Civil servants’ union boss writes to Starmer over ‘frankly insulting’ criticism | Keir Starmer
The head of the Union of Senior Civil Servants has written to Keir Starmer urging him to rethink his “frankly offensive” criticism of Whitehall for being comfortable with falling standards.
The general secretary of the FDA, the union for senior civil servants, suggested that Starmer had invoked “Trumpian” language when he claimed he did not want to “drain the swamp” but after saying that “too many people in Whitehall comfortable in a tepid bath of managed decline”.
Dave Penman told Starmer he feared it was “much more damaging than you thought when you chose those words”, after years of attacks on the civil service by previous governments had already damaged morale.

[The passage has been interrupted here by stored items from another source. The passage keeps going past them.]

(* Let $A\in\mathbb{M}_m(\mathbb{M}_n)$ be positive semidefinite. Then \[ (\mathrm{tr} A)^{mn}+\big(\det(\mathrm{tr}_1 A)\big)^m\ge \det A+\big(\det(\mathrm{tr}_2 A)\big)^n, \] and \[ (\mathrm{tr} A)^{mn}+\big(\det(\mathrm{tr}_2 A)\big)^n\ge \det A+\big(\det(\mathrm{tr}_1 A)\big)^m. \]
   Context: $\mathbb{M}_m(\mathbb{M}_n)$ denotes the set of $mn\times mn$ complex matrices partitioned as $A=[A_{i,j}]_{i,j=1}^m$ with each block $A_{i,j}$ an $n\times n$ complex matrix. The partial traces are $\mathrm{tr}_1 A=\sum_{i=1}^m A_{i,i}\in\mathbb{M}_n$ and $\mathrm{tr}_2 A=[\mathrm{tr}\,A_{i,j}]_{i,j=1}^m\in\mathbb{M}_m$. *)

theory Defs
  imports "Jordan_Normal_Form.Determinant" "Jordan_Normal_Form.Conjugate"
begin

text \<open>A matrix in M_m(M_n) is an (m*n) x (m*n) complex matrix; the block A_{i,j}
  (i,j < m) has entry (k,l) (k,l < n) at position (i*n+k, j*n+l).\<close>

definition psd_mat :: "nat \<Rightarrow> complex mat \<Rightarrow> bool" where
  "psd_mat N A \<longleftrightarrow> A \<in> carrier_mat N N
     \<and> (\<forall>i<N. \<forall>j<N. A $$ (i, j) = cnj (A $$ (j, i)))
     \<and> (\<forall>x \<in> carrier_vec N. 0 \<le> Re (\<Sum>i<N. \<Sum>j<N. cnj (x $ i) * A $$ (i, j) * x $ j))"

definition mtrace :: "complex mat \<Rightarrow> complex" where
  "mtrace A = (\<Sum>i<dim_row A. A $$ (i, i))"

text \<open>tr_1 A = sum of diagonal blocks (an n x n matrix).\<close>
definition ptrace1 :: "nat \<Rightarrow> nat \<Rightarrow> complex mat \<Rightarrow> complex mat" where
  "ptrace1 m n A = mat n n (\<lambda>(k, l). \<Sum>i<m. A $$ (i * n + k, i * n + l))"

text \<open>tr_2 A = [tr A_{i,j}] (an m x m matrix).\<close>
definition ptrace2 :: "nat \<Rightarrow> nat \<Rightarrow> complex mat \<Rightarrow> complex mat" where
  "ptrace2 m n A = mat m m (\<lambda>(i, j). \<Sum>k<n. A $$ (i * n + k, j * n + k))"

end

theory Submission
  imports Defs "Jordan_Normal_Form.Schur_Decomposition"
begin

(* The partial traces of A are sums of principal compressions of A, hence positive semidefinite,
   and all three matrices A, tr_1 A, tr_2 A have the same trace t.  Their determinants are thus
   products of mn, n and m nonnegative eigenvalues summing to t, and a product of k >= 2
   nonnegative numbers with sum t is at most t^k/4.  For m >= 2 this gives det A <= t^(mn)/4 and
   (det tr_2 A)^n <= (t^m/4)^n <= t^(mn)/4, so det A + (det tr_2 A)^n <= t^(mn) already; for m = 1
   we have tr_1 A = A and tr_2 A = tr A, and the first inequality is an equality.  The second
   inequality is the same argument with m and n exchanged. *)

lemma prod_list_le_sum_list_power:
  fixes xs :: "'a :: linordered_semidom list"
  assumes "\<And>x. x \<in> set xs \<Longrightarrow> 0 \<le> x"
  shows "prod_list xs \<le> sum_list xs ^ length xs"
  using assms
proof (induction xs)
  case Nil
  then show ?case by simp
next
  case (Cons x xs)
  have x: "0 \<le> x" and s: "0 \<le> sum_list xs" and p: "0 \<le> prod_list xs"
    using Cons.prems by (auto intro: sum_list_nonneg prod_list_nonneg)
  have "prod_list xs \<le> sum_list xs ^ length xs"
    using Cons by simp
  also have "\<dots> \<le> (x + sum_list xs) ^ length xs"
    using x s by (intro power_mono) auto
  finally have "prod_list xs \<le> (x + sum_list xs) ^ length xs" .
  then have "x * prod_list xs \<le> (x + sum_list xs) * (x + sum_list xs) ^ length xs"
    using x s p by (intro mult_mono) auto
  then show ?case by simp
qed

lemma prod_list_le_sum_list_power_div_4:
  fixes xs :: "'a :: linordered_field list"
  assumes nonneg: "\<And>x. x \<in> set xs \<Longrightarrow> 0 \<le> x" and len: "2 \<le> length xs"
  shows "prod_list xs \<le> sum_list xs ^ length xs / 4"
proof -
  obtain a b ys where xs: "xs = a # b # ys"
    using len by (metis One_nat_def Suc_1 Suc_le_length_iff)
  have a: "0 \<le> a" and b: "0 \<le> b" and ys: "\<And>y. y \<in> set ys \<Longrightarrow> 0 \<le> y"
    using nonneg xs by auto
  have s: "0 \<le> sum_list ys" and p: "0 \<le> prod_list ys"
    using ys by (auto intro: sum_list_nonneg prod_list_nonneg)
  have ab: "a * b \<le> (a + b)\<^sup>2 / 4"
    using sum_squares_ge_zero[of "a - b" 0] by (simp add: power2_eq_square field_simps)
  have "prod_list xs = (a * b) * prod_list ys"
    using xs by simp
  also have "\<dots> \<le> ((a + b)\<^sup>2 / 4) * sum_list ys ^ length ys"
    using ab a b p prod_list_le_sum_list_power[OF ys] by (intro mult_mono) auto
  also have "\<dots> \<le> ((a + b + sum_list ys)\<^sup>2 / 4) * (a + b + sum_list ys) ^ length ys"
    using a b s by (intro mult_mono divide_right_mono power_mono) auto
  also have "\<dots> = sum_list xs ^ length xs / 4"
    using xs by (simp add: power_add[symmetric] add.assoc)
  finally show ?thesis .
qed

lemma block_index_less:
  fixes i k m n :: nat
  assumes "i < m" and "k < n"
  shows "i * n + k < m * n"
  using assms by (metis add_less_cancel_left less_le_trans mult_Suc mult_le_mono1 Suc_leI add.commute)

lemma sum_lessThan_mult:
  fixes f :: "nat \<Rightarrow> 'a :: comm_monoid_add"
  shows "(\<Sum>j<m * n. f j) = (\<Sum>i<m. \<Sum>k<n. f (i * n + k))"
proof -
  have "sum f {i * n..<i * n + n} = (\<Sum>k<n. f (i * n + k))" for i
    using sum.shift_bounds_nat_ivl[of f 0 "i * n" n] by (simp add: add.commute atLeast0LessThan)
  then show ?thesis
    by (simp flip: sum.nat_group)
qed

lemma mtrace_mult_comm:
  assumes "A \<in> carrier_mat k l" and "B \<in> carrier_mat l k"
  shows "mtrace (A * B) = mtrace (B * A)"
proof -
  have "mtrace (A * B) = (\<Sum>i<k. \<Sum>j<l. A $$ (i, j) * B $$ (j, i))"
    using assms unfolding mtrace_def
    by (auto simp: scalar_prod_def lessThan_atLeast0 intro!: sum.cong)
  also have "\<dots> = (\<Sum>j<l. \<Sum>i<k. B $$ (j, i) * A $$ (i, j))"
    by (subst sum.swap) (simp add: mult.commute)
  also have "\<dots> = mtrace (B * A)"
    using assms unfolding mtrace_def
    by (auto simp: scalar_prod_def lessThan_atLeast0 intro!: sum.cong)
  finally show ?thesis .
qed

lemma mtrace_similar_mat:
  assumes "similar_mat A B"
  shows "mtrace A = mtrace B"
proof -
  obtain n P Q where "{A, B, P, Q} \<subseteq> carrier_mat n n"
    and QP: "Q * P = 1\<^sub>m n" and A: "A = P * B * Q"
    using similar_matD[OF assms] by blast
  then have B: "B \<in> carrier_mat n n" and P: "P \<in> carrier_mat n n" and Q: "Q \<in> carrier_mat n n"
    by auto
  have "mtrace A = mtrace (Q * (P * B))"
    unfolding A using B P Q by (intro mtrace_mult_comm[of _ n n]) auto
  also have "Q * (P * B) = B"
    using B P Q QP by (simp add: assoc_mult_mat[symmetric, of Q n n P n B n])
  finally show ?thesis .
qed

The Guardian understands Starmer’s speech suggesting that civil servants were partly to blame for blocking public service reform and Whitehall made even some of its own ministers uncomfortable.

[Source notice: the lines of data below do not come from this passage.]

(* Let $C$ be an $A$-code of length $l$ having a basis of divisors consisting of one element $g=(g_1,\ldots,g_l)$. Then $C$ is self-dual (i.e. $C=C^\perp$) if and only if either $l=1$ and $f=g_1^2$ in $\mathbb{F}[x]$, or $l=2$, $g_1=1$ and $g_2^2=-1$ in $A$. Also, $C=C^{\perp R}$ if and only if one of the following holds: (1) $l=1$ and $f=g_1^2$ in $\mathbb{F}[x]$; (2) $l=2$, $g_1=0$ and $g_2=1$; (3) $l=2$, $g_1=1$ and $g_2=0$; (4) $l=2$, $\mathrm{char}\,\mathbb{F}=2$, $g_1=1$ and $g_2$ is any element of $A$.
   Context: Let $\mathbb{F}$ be a finite field, $f(x)\in\mathbb{F}[x]$ monic of degree $m$, $A=\mathbb{F}[x]/\langle f(x)\rangle$, elements identified with polynomials of degree $<m$. An $A$-code of length $l$ is an $A$-submodule of $A^l$; $C^\perp=\{a\in A^l:\sum_ia_ic_i=0\ \forall c\in C\}$, and $C^{\perp R}=\{(c_l,\ldots,c_1):(c_1,\ldots,c_l)\in C^\perp\}$. For $u\in A^l$, $L_{\mathrm{ind}}(u)$ is the smallest index of a nonzero entry and $L_{\mathrm{coef}}(u)$ is that entry. For nonzero $C$, $L_{\mathrm{ind}}(C)=\min_{u\in C}L_{\mathrm{ind}}(u)$, $L_{\mathrm{coef}}(C)$ is the monic polynomial $g$ of minimum degree such that some $c\in C$ has $L_{\mathrm{ind}}(c)=L_{\mathrm{ind}}(C)$ and $L_{\mathrm{coef}}(c)=g$ (such $c$ is a leading element). $C^{(1)}=C$, $C^{(n+1)}=\{c\in C^{(n)}:L_{\mathrm{ind}}(c)>L_{\mathrm{ind}}(C^{(n)})\}$ while $C^{(n)}\neq0$; with $k$ largest such that $C^{(k)}\neq 0$, a tuple $(g^{(1)},\ldots,g^{(k)})$ with $g^{(j)}$ a leading element of $C^{(j)}$ is a basis of divisors of $C$. *)

theory Defs
  imports "HOL-Computational_Algebra.Polynomial"
begin

text \<open>The ring A = F[x]/(f) is represented by the polynomials of degree < deg f
  (i.e. the remainders modulo f); multiplication is multiplication modulo f.
  Vectors of A^l are lists of length l; index i of the paper is list position i-1.\<close>

definition A_elem :: "'a::field poly \<Rightarrow> 'a poly \<Rightarrow> bool" where
  "A_elem f a \<longleftrightarrow> a mod f = a"

definition A_vec :: "'a::field poly \<Rightarrow> nat \<Rightarrow> 'a poly list set" where
  "A_vec f l = {u. length u = l \<and> (\<forall>x\<in>set u. A_elem f x)}"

Asked about concern over the tone of his Whitehall remarks, Starmer praised civil servants on Friday, saying they “bring something very special to the job, which is a sense of public service”.
But he also reaffirmed his commitment to reform, saying: “A lot of government officials have said to me that this is great, we really need to go ahead, make this shift to this technology and this AI, different ways to — not just the service that we deliver to voters, which is extremely important – but the very way we run government. I intend to push through this reform to make sure we get better results for the country.”

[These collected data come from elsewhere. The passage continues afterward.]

(* For every integer $n\ge 4$ and every prime power $q$, $$f(n,q)\ge (q^{n+1}-1)(q^n-1)\cdot\frac{q^4+2q^2+q+1}{(q^5-1)(q^4-1)}.$$ In particular, for every $n\ge 5$ and every prime power $q$, $f(n,q)\ge q^{2n-4}+2q^{2n-6}+q^{2n-7}+2q^{2n-8}$.
   Context: $\mathrm{PG}(n,q)$ denotes the $n$-dimensional projective space over $\mathbb F_q$. A $(2,1)$-blocking set in $\mathrm{PG}(n,q)$ is a set $\mathcal B$ of lines such that every plane of $\mathrm{PG}(n,q)$ contains at least one line of $\mathcal B$. For $n\ge -1$, $f(n,q)$ denotes the smallest possible size of a $(2,1)$-blocking set in $\mathrm{PG}(n,q)$. *)

theory Defs
  imports Complex_Main
begin

text \<open>The ambient vector space V(n+1,F) underlying PG(n,F) is modelled as the
functions nat \<Rightarrow> F vanishing outside the coordinates 0..n.\<close>

definition lin_comb :: "(nat \<Rightarrow> nat \<Rightarrow> 'a::field) \<Rightarrow> nat \<Rightarrow> (nat \<Rightarrow> 'a) \<Rightarrow> (nat \<Rightarrow> 'a)" where
  "lin_comb v k c = (\<lambda>j. \<Sum>i<k. c i * v i j)"

text \<open>The (k-1)-dimensional projective subspaces of PG(n,F), i.e. the k-dimensional
vector subspaces of F^(n+1), each given as the span of k linearly independent vectors.\<close>

definition proj_subspaces :: "'a::field itself \<Rightarrow> nat \<Rightarrow> nat \<Rightarrow> (nat \<Rightarrow> 'a) set set" where
  "proj_subspaces _ n k =
     {S. \<exists>v :: nat \<Rightarrow> nat \<Rightarrow> 'a.
          (\<forall>i<k. \<forall>j. n < j \<longrightarrow> v i j = 0) \<and>
          (\<forall>c. lin_comb v k c = (\<lambda>_. 0) \<longrightarrow> (\<forall>i<k. c i = 0)) \<and>
          S = range (lin_comb v k)}"

abbreviation PG_lines :: "'a::field itself \<Rightarrow> nat \<Rightarrow> (nat \<Rightarrow> 'a) set set" where
  "PG_lines F n \<equiv> proj_subspaces F n 2"

abbreviation PG_planes :: "'a::field itself \<Rightarrow> nat \<Rightarrow> (nat \<Rightarrow> 'a) set set" where
  "PG_planes F n \<equiv> proj_subspaces F n 3"

definition blocking_21 :: "'a::field itself \<Rightarrow> nat \<Rightarrow> (nat \<Rightarrow> 'a) set set \<Rightarrow> bool" where
  "blocking_21 F n B \<longleftrightarrow> B \<subseteq> PG_lines F n \<and> (\<forall>P \<in> PG_planes F n. \<exists>L\<in>B. L \<subseteq> P)"

definition f_21 :: "'a::field itself \<Rightarrow> nat \<Rightarrow> nat" where
  "f_21 F n = Inf {card B | B. blocking_21 F n B}"

end

theory Submission
  imports Defs "HOL-Library.Function_Algebras" "HOL-Library.Set_Algebras"
    "HOL-Library.FuncSet" "HOL-Library.Cardinality"
begin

Some in Downing Street are frustrated by the slow pace of change and reform in government, with the prime minister’s speech on Thursday setting out a “plan for change” along with specific targets for improvement.
Starmer appointed a new cabinet secretary, Chris Wormald, earlier this week to work on “nothing short of a complete reconfiguration of the British state”. Senior Labor a source said the prime minister’s speech was for the whole of government, not just the civil service, and was about “setting the strategic direction and the whole of Whitehall pulling in one direction to achieve it”.
The Institute of Governance said on Friday it felt Starmer was “frustrated with the support he gets from the system”.
“Starmer’s instruction should be taken as a call to the civil service to rediscover its political creativity and shake off the passivity that can characterize the minister-servant relationship,” the think tank said.
However, it said Starmer “must be careful not to alienate and frustrate his workforce, and the approach of some ministers in the last government showed that the harsh blob-bashing doesn’t work“.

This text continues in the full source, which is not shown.